# Actual Cash Value

Actual cash value (ACV) is the amount an insurance company decides your car is worth at the time of an accident.

Actual cash value (ACV) is the amount an insurance company decides your car is worth at the time of an accident, factoring in your car’s depreciation over time.

### What is Actual Cash Value?

Insurance companies use actual cash value, or ACV, when determining a payout after your car is destroyed or damaged—whether it’s stolen, or involved in an accident.

Is there a simple formula to calculate ACV? We’re glad you asked!

ACV = Replacement cost minus depreciation . (Depreciation is the devaluation of the car due to normal wear and tear.)

Okay, you say, but what is “replacement cost”? Well, that’s the amount of money needed to replace your totaled car with one of a similar make and model—but without bringing depreciation into the equation. We’ll unpack this all a bit further down.

## How does a car insurance company calculate ACV?

When you file an insurance claim after an accident, your insurer determines your car’s value to figure out your payout for repair or replacement under a covered claim.

The insurance adjuster could consult a resource (such as the trusty Kelley Blue Book) for your car’s current value, looking at comparable values in your area. Then they’ll consider the vehicle’s make, model, mileage, and condition before the accident when determining its Actual Cash Value (ACV). The insurance adjuster’s valuation of your vehicle is calculated based on comparable vehicles in your area.

Think of it this way: If you have a 2015 Toyota Camry in Atlanta, GA and that same 2015 Toyota Camry in say, Lincoln, Nebraska, they would not be valued the same.  The market value in Atlanta may be higher for the Camry, compared to Lincoln.  Ultimately, your car’s ACV is dependent on the market and zip code where the car is kept.

What about depreciation?

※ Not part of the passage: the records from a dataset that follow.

lemma card_invariant_colorings_rotation:
  "card (invariant_colorings (grid_V m n) k {grid_reflection m n True True}) = k ^ ((m * n + 1) div 2)"
proof -
  let ?\<rho> = "grid_reflection m n True True"
  let ?r = "\<lambda>v. if 2 * row_major n v < m * n then v else ?\<rho> v"
  have r_rotation: "?r (?\<rho> v) = ?r v" if v: "v \<in> grid_V m n" for v
  proof -
    have sum: "row_major n v + row_major n (?\<rho> v) + 1 = m * n" by (rule row_major_rotation[OF v])
    show ?thesis
    proof (cases "2 * row_major n v < m * n \<and> 2 * row_major n (?\<rho> v) < m * n")
      case True
      txt \<open>Then both indices equal \<open>(m * n - 1) div 2\<close>: \<open>v\<close> is the centre of the grid.\<close>
      then have "row_major n (?\<rho> v) = row_major n v" using sum by linarith
      then have "?\<rho> v = v"
        using bij_betw_row_major[THEN bij_betw_imp_inj_on] grid_reflection_in[OF v] v
        by (meson inj_onD)
      then show ?thesis by simp
    next
      case False
      then show ?thesis using sum v by auto
    qed
  qed
  have "card (invariant_colorings (grid_V m n) k {?\<rho>}) = k ^ card (?r ` grid_V m n)"
  proof (rule card_invariant_colorings)
    show "finite (grid_V m n)" by (simp add: grid_V_eq)
    show "\<forall>g\<in>{?\<rho>}. g ` grid_V m n \<subseteq> grid_V m n" using grid_reflection_in by blast
    show "\<forall>v\<in>grid_V m n. ?r v = v \<or> (\<exists>g\<in>{?\<rho>}. ?r v = g v)" by simp
    show "\<forall>g\<in>{?\<rho>}. \<forall>v\<in>grid_V m n. ?r (g v) = ?r v"
    proof (intro ballI)
      fix g v assume "g \<in> {?\<rho>}" "v \<in> grid_V m n"
      with r_rotation show "?r (g v) = ?r v" by blast
    qed
  qed
  moreover have "?r ` grid_V m n = {v \<in> grid_V m n. 2 * row_major n v < m * n}"
  proof (intro equalityI subsetI)
    fix x assume "x \<in> ?r ` grid_V m n"
    then obtain v where v: "v \<in> grid_V m n" "x = ?r v" by blast
    then show "x \<in> {v \<in> grid_V m n. 2 * row_major n v < m * n}"
      using row_major_rotation[OF v(1)] grid_reflection_in[OF v(1)] by auto
  next
    fix x assume "x \<in> {v \<in> grid_V m n. 2 * row_major n v < m * n}"
    then show "x \<in> ?r ` grid_V m n" by (intro image_eqI[of _ _ x]) simp_all
  qed
  ultimately show ?thesis by (simp add: card_row_major_lower_half)
qed

section \<open>The number of distinguishing colorings\<close>

lemma card_distinguishing_grid_colorings:
  assumes mn: "m \<ge> 2" "n \<ge> 2" "m \<noteq> n"
  shows "card {c \<in> colorings (grid_V m n) k. distinguishing (grid_V m n) grid_E c}
      + k ^ (n * ((m + 1) div 2)) + k ^ (m * ((n + 1) div 2)) + k ^ ((m * n + 1) div 2)
    = k ^ (m * n) + 2 * k ^ ((m + 1) div 2 * ((n + 1) div 2))"
proof -
  let ?C = "colorings (grid_V m n) k"
  let ?inv = "\<lambda>s t. invariant_colorings (grid_V m n) k {grid_reflection m n s t}"
  let ?U = "?inv True False \<union> ?inv False True \<union> ?inv True True"
  let ?B = "invariant_colorings (grid_V m n) k (axis_reflections m n True True)"
  have D: "{c \<in> ?C. distinguishing (grid_V m n) grid_E c} = ?C - ?U"
    by (rule distinguishing_grid_colorings[OF mn])
  have finite_C: "finite ?C"
    unfolding colorings_def by (simp add: grid_V_eq finite_PiE)
  have subset: "?inv s t \<subseteq> ?C" for s t
    unfolding invariant_colorings_def by blast
  then have finite_inv: "finite (?inv s t)" for s t
    using finite_C by (rule finite_subset)
  have "card ?U + 2 * card ?B =
      card (?inv True False) + card (?inv False True) + card (?inv True True)"
    by (rule card_Un3_pairwise_Int_eq[OF finite_inv finite_inv finite_inv])
      (simp_all add: invariant_colorings_two_reflections)
  moreover have "card (?C - ?U) + card ?U = card ?C"
  proof -
    have U: "?U \<subseteq> ?C" using subset by blast
    show ?thesis
      using card_mono[OF finite_C U] card_Diff_subset[OF finite_subset[OF U finite_C] U] by simp
  qed
  moreover have "card ?C = k ^ (m * n)"
    by (simp add: card_colorings grid_V_eq card_cartesian_product)
  moreover have "card (?inv True False) = k ^ (n * ((m + 1) div 2))"
    using card_invariant_colorings_axis_reflections[of m n k True False]
    by (simp add: invariant_colorings_axis_reflections mult.commute)
  moreover have "card (?inv False True) = k ^ (m * ((n + 1) div 2))"
    using card_invariant_colorings_axis_reflections[of m n k False True]
    by (simp add: invariant_colorings_axis_reflections)
  moreover have "card (?inv True True) = k ^ ((m * n + 1) div 2)"
    by (rule card_invariant_colorings_rotation)
  moreover have "card ?B = k ^ ((m + 1) div 2 * ((n + 1) div 2))"
    using card_invariant_colorings_axis_reflections[of m n k True True] by simp
  ultimately show ?thesis unfolding D by linarith
qed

Your car’s depreciation is the rate at which its value declines over time, usually as a result of age, and wear and tear from use.

Let’s say you purchased a new car a year ago for \$20,000. This year you’re in an accident resulting in some damage to your car. Since you bought the car, the make and model has gone down in value, and your car has also depreciated in the year that you’ve driven it. Based on the adjuster’s calculations, the insurance company may say your car’s actual cash value is \$15,500, minus any applicable deductible.

The insurance claim would pay for repairs up to this amount of money, but if the cost to fix your car exceeds the ACV, they could declare it a total loss

If it’s a total loss, this reimbursement might not be enough to pay off your remaining car loan and buy a new car. That said, if you purchased gap coverage, it may cover you for all or some of your remaining balance of your car loan.

## What’s a ‘replacement cost’ policy?

Replacement cost policies, more often called ‘stated amount policies,’ are not that common in the auto insurance industry. Essentially they would work by setting a specific amount—say, \$65,000—that the insurer would pay if the insured car ends up damaged beyond repair or stolen.

The insurance industry—including Lemonade—more commonly sells actual cash value policies.